OpenSSH – secure protocol to connect and manage remote servers – has announced dropping support for SHA-1 logins. The service has taken this decision considering the underlying insecurities in the scheme.
In a recent notice, OpenSSH has announced deprecating SHA-1 logins considering its ease of breach. OpenSSH believes that better alternatives to SHA-1 are available that ensure better security.
OpenSSH facilitates users in managing remote servers with security. The utility lets the users connect to the server via private keys. One of these is stored with the users’ OpenSSH Client, whereas the other is with the corresponding server. OpenSSH uses algorithms (like SHA-1) to generate these keys for the users.
However, citing a recently published white paper, OpenSSH quoted that SHA-1 has become vulnerable to attacks. Hence, they have decided to disable the “SSH-RSA” mode in future releases.

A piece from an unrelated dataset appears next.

(* Let $n\ge 2$, let $A\in\mathrm{Mat}_{n\times n}(\mathbb{R})$, and let $X_A$ be the replicator vector field with payoff matrix $A$. Suppose $q=(q_1,\dots,q_n)\in\mathbb{R}^n$ is a formal equilibrium of $X_A$. Let $B=-EAE^t$, let $\eta_q:\mathbb{R}^{n-1}\to\mathbb{R}^{n-1}$ be given by $\eta_q(u)_i=q_i-\frac{e^{u_i}}{1+\sum_{j=1}^{n-1}e^{u_j}}$, and let $\tilde X_B(u)=B\,\eta_q(u)$ on $\mathbb{R}^{n-1}$. Suppose there exists a matrix $D=(d_{ij})\in\mathrm{Mat}_{(n-1)\times(n-1)}(\mathbb{R})$ such that (1) $DB$ is anti-symmetric, and (2) the 1-form $\big(1+\sum_{i=1}^{n-1}e^{u_i}\big)D^t\eta_q(u)$ on $\mathbb{R}^{n-1}$ is closed, i.e. the matrix $D^tQ_1$ is diagonal, where $Q_1$ is the $(n-1)\times(n-1)$ matrix with entries $(Q_1)_{ij}=q_i-\delta_{ij}$. Then the function $$H_D(u)=\sum_{i=1}^{n-1}\Big(\sum_{k=1}^{n-1}d_{ki}q_k\Big)u_i+\sum_{i=1}^{n-1}\Big(\Big(\sum_{k=1}^{n-1}d_{ki}q_k\Big)-d_{ii}\Big)e^{u_i}$$ is a constant of motion of $\tilde X_B$ on $\mathbb{R}^{n-1}$, and consequently the function $$H_D\circ\phi^{-1}(x)=\sum_{i=1}^{n-1}\Big(\sum_{k=1}^{n-1}d_{ki}q_k\Big)\log\Big(\frac{x_i}{x_n}\Big)+\sum_{i=1}^{n-1}\Big(\Big(\sum_{k=1}^{n-1}d_{ki}q_k\Big)-d_{ii}\Big)\frac{x_i}{x_n}$$ is a constant of motion of $X_A$ on the interior of the simplex $\Delta^{n-1}$.
   Context: $\Delta^{n-1}=\{x\in\mathbb{R}^n: x_i\ge 0,\ \sum_i x_i=1\}$. The replicator vector field with payoff matrix $A$ is $X_A(x)_i=x_i\big((Ax)_i-x^tAx\big)$, $1\le i\le n$, on $\Delta^{n-1}$. A formal equilibrium of $X_A$ is a point $q\in\mathbb{R}^n$ with $\sum_{i=1}^n q_i=1$ and $(Aq)_i=(Aq)_j$ for all $i,j$. $E$ is the $(n-1)\times n$ matrix $E=[-I_{n-1}\mid \mathbb{1}]$ (row $i$ has $-1$ in column $i$, $1$ in column $n$, zeros elsewhere). $\phi:\mathbb{R}^{n-1}\to(\Delta^{n-1})^\circ$ is the diffeomorphism $\phi(u)=\big(\frac{e^{u_1}}{1+\sum_j e^{u_j}},\dots,\frac{e^{u_{n-1}}}{1+\sum_j e^{u_j}},\frac{1}{1+\sum_j e^{u_j}}\big)$, with inverse $\phi^{-1}(x)=(\log(x_1/x_n),\dots,\log(x_{n-1}/x_n))$; $\tilde X_B$ is the pullback of $X_A|_{(\Delta^{n-1})^\circ}$ by $\phi$. A constant of motion of a vector field is a function constant along its integral curves. *)

theory Defs
  imports "HOL-Analysis.Analysis"
begin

As stated in their notice,
Hence, OpenSSH has suggested some better alternatives to SHA-1. These include:
- RFC8332 RSA SHA-2 signature algorithms rsa-sha2-256/512 that works on SHA-2 hash.
- ssh-ed25519 signature algorithm
- RFC5656 ECDSA algorithms: ecdsa-sha2-nistp256/384/521
OpenSSH already supports these algorithms for several previous releases. Even the RFC8332 RSA SHA-2 is also available since OpenSSH 7.2.
Thus, with future releases, OpenSSH will disable SHA-1 by default. Whereas, it will enable the users to switch to better algorithms automatically.